> EXERCISE: Report each line of the entries below that has the word "define" in it.

> DATASET EXTRACT:
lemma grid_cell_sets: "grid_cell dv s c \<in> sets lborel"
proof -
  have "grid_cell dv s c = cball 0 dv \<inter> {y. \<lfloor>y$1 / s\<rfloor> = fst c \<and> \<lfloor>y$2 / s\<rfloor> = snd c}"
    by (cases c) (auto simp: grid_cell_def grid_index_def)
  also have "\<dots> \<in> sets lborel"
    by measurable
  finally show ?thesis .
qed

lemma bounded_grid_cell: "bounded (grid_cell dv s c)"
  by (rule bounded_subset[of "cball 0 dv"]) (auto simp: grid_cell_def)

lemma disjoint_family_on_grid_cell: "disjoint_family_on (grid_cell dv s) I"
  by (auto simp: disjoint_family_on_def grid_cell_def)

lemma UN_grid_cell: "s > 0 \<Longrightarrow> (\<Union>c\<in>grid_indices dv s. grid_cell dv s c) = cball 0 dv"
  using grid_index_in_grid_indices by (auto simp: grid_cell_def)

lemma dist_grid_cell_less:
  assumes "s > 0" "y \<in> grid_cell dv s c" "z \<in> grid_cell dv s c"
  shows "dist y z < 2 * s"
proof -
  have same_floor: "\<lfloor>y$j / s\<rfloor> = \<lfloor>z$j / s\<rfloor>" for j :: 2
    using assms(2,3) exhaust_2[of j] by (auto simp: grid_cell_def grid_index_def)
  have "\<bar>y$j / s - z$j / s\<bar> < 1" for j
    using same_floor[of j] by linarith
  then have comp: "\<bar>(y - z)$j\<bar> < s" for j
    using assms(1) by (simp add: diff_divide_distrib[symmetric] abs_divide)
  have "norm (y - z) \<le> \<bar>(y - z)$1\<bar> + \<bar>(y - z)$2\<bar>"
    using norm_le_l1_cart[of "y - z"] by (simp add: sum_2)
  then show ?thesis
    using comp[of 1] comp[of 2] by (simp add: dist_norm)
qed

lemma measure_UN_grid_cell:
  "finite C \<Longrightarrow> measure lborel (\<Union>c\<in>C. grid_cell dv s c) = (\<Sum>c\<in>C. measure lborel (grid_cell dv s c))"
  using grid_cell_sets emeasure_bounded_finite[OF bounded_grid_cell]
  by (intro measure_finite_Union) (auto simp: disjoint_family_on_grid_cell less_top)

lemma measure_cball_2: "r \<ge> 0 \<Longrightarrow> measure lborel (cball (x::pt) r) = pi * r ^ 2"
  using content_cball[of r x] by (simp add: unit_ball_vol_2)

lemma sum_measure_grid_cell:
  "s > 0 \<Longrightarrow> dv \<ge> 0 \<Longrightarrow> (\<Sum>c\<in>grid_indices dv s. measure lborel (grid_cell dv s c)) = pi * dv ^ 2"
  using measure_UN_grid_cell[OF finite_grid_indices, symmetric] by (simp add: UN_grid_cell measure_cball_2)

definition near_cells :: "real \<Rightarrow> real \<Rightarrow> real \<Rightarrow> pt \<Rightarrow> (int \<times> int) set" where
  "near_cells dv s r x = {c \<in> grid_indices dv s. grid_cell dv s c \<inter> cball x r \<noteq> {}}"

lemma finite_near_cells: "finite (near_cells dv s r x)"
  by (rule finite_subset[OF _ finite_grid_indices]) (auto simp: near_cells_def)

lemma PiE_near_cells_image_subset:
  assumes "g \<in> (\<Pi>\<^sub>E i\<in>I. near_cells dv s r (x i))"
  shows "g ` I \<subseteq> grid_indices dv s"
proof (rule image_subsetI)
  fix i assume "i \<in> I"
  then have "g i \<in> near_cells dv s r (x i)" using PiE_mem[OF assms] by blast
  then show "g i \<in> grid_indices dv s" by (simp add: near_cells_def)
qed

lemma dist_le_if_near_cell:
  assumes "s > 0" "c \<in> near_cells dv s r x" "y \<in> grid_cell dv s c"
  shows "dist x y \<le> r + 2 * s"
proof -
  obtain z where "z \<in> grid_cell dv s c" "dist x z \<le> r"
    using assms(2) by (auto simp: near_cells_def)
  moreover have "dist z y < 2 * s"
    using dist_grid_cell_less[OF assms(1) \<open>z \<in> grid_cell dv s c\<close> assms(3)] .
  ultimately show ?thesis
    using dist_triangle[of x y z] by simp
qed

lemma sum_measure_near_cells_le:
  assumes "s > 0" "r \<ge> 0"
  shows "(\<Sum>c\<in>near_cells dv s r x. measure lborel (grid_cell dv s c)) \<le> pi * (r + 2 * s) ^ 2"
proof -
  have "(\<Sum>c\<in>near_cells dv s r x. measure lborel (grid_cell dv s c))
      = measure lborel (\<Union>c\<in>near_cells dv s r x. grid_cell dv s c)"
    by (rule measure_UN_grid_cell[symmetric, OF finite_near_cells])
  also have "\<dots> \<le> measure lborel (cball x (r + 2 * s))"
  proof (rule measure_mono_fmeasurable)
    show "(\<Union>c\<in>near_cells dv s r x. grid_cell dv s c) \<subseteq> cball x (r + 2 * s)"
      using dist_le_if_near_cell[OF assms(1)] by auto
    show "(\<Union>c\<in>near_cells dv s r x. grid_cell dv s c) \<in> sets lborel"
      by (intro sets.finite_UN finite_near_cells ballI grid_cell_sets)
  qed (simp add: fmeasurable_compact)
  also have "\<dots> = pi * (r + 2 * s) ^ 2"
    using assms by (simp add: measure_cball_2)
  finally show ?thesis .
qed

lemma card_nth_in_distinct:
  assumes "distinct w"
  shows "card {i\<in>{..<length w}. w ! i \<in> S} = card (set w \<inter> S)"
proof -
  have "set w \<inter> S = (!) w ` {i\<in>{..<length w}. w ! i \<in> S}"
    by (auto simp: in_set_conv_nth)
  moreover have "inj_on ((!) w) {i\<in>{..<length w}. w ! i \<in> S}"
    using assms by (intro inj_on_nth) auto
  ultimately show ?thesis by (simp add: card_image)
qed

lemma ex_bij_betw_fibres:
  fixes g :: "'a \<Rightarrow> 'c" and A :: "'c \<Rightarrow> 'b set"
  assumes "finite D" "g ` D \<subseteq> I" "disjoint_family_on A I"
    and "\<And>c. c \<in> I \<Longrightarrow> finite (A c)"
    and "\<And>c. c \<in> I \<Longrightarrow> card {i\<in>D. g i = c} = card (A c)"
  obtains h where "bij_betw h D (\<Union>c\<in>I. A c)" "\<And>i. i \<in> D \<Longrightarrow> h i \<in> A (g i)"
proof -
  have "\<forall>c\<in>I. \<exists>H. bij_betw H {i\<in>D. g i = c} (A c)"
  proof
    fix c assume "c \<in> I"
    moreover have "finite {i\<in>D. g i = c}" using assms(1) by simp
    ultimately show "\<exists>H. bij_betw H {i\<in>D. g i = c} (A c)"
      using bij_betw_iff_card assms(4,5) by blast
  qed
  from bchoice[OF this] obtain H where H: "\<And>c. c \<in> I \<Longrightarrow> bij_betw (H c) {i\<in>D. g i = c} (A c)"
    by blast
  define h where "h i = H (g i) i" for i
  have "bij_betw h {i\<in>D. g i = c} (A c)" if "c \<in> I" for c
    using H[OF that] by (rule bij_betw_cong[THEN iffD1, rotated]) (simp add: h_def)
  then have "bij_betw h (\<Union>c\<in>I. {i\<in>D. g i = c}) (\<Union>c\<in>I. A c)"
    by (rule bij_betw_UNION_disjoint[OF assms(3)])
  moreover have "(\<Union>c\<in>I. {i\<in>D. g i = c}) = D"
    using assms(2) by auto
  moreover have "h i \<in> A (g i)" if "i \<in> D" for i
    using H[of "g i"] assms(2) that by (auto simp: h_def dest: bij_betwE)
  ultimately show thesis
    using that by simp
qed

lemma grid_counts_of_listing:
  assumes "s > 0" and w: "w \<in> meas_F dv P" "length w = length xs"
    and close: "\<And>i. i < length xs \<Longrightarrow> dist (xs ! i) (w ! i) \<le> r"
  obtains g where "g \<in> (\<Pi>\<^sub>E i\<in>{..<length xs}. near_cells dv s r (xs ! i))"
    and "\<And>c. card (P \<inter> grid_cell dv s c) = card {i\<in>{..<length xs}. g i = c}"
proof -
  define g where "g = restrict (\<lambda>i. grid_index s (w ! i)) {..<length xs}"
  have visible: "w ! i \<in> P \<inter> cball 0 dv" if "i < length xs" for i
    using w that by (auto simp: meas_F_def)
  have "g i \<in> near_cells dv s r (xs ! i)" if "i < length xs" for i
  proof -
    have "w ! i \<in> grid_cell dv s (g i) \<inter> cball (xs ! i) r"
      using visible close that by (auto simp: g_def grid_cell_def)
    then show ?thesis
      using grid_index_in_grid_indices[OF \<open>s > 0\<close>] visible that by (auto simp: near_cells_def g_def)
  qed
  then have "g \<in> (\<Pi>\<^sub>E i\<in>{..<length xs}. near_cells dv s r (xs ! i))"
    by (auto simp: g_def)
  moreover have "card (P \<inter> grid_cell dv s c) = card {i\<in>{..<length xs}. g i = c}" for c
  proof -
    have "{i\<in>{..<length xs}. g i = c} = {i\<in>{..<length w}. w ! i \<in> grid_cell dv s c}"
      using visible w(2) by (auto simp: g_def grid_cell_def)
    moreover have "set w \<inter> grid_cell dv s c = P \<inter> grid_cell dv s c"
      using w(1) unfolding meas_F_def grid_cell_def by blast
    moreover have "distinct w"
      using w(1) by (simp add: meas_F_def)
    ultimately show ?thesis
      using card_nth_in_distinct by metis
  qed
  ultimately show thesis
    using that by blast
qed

> EXERCISE OUTPUT:
  define h where "h i = H (g i) i" for i
  define g where "g = restrict (\<lambda>i. grid_index s (w ! i)) {..<length xs}"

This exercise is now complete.